> _Work required_: Identify all lines in the listing that include the word "True", and copy them out.

> _Input data_:
lemma nn_integral_transverse_slice:
  fixes b0 :: "'a::euclidean_space" and u :: real
  assumes b0: "b0 \<in> Basis"
  defines "q \<equiv> \<lambda>y. \<Sum>b\<in>Basis-{b0}. (y b)^2"
  shows "(\<integral>\<^sup>+y. indicator {..<1 - u^2} (q y) * ennreal (sqrt (q y) / sqrt (1 - u^2) ^ 3)
            \<partial>(\<Pi>\<^sub>M b\<in>Basis-{b0}. lborel)) =
         indicator {-1<..<1} u * ennreal ((1 - u^2) powr ((real DIM('a) - 3) / 2)) *
           transverse_integral b0 1"
proof (cases "0 < 1 - u^2")
  case False
  have "0 \<le> q y" for y by (simp add: q_def sum_nonneg)
  then have "\<not> q y < 1 - u^2" for y using False by (metis not_less order.trans)
  moreover have "u \<notin> {-1<..<1}" using False by (auto simp: abs_square_less_1 abs_less_iff)
  ultimately show ?thesis by simp
next
  case True
  let ?v = "1 - u^2"
  have [measurable]: "q \<in> borel_measurable (\<Pi>\<^sub>M b\<in>Basis-{b0}. lborel)"
    unfolding q_def by measurable
  have "indicator {..<?v} (q y) * ennreal (sqrt (q y) / sqrt ?v ^ 3) =
      ennreal (1 / sqrt ?v ^ 3) * (ennreal (sqrt (q y)) * indicator {..<?v} (q y))" for y
    using ennreal_divide_eq_mult[of "sqrt (q y)" "sqrt ?v ^ 3"]
    by (simp add: q_def sum_nonneg indicator_def mult_ac)
  then have "(\<integral>\<^sup>+y. indicator {..<?v} (q y) * ennreal (sqrt (q y) / sqrt ?v ^ 3)
      \<partial>(\<Pi>\<^sub>M b\<in>Basis-{b0}. lborel)) = ennreal (1 / sqrt ?v ^ 3) * transverse_integral b0 ?v"
    unfolding transverse_integral_def q_def by (simp add: nn_integral_cmult)
  also have "\<dots> = ennreal (1 / sqrt ?v ^ 3 * ?v powr (real DIM('a) / 2)) * transverse_integral b0 1"
    using True by (simp add: transverse_integral_dilation[OF b0 True] ennreal_mult'[symmetric]
        mult.assoc[symmetric])
  also have "1 / sqrt ?v ^ 3 * ?v powr (real DIM('a) / 2) = ?v powr ((real DIM('a) - 3) / 2)"
  proof -
    have "sqrt ?v ^ 3 = ?v powr (3/2)"
      using True by (simp add: powr_half_sqrt[symmetric] powr_powr powr_realpow[symmetric])
    then show ?thesis using True by (simp add: powr_diff[symmetric] diff_divide_distrib)
  qed
  finally show ?thesis
    using True by (simp add: abs_square_less_1 abs_less_iff)
qed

> _Your response_:
  case True
    using True by (simp add: transverse_integral_dilation[OF b0 True] ennreal_mult'[symmetric]
      using True by (simp add: powr_half_sqrt[symmetric] powr_powr powr_realpow[symmetric])
    then show ?thesis using True by (simp add: powr_diff[symmetric] diff_divide_distrib)
    using True by (simp add: abs_square_less_1 abs_less_iff)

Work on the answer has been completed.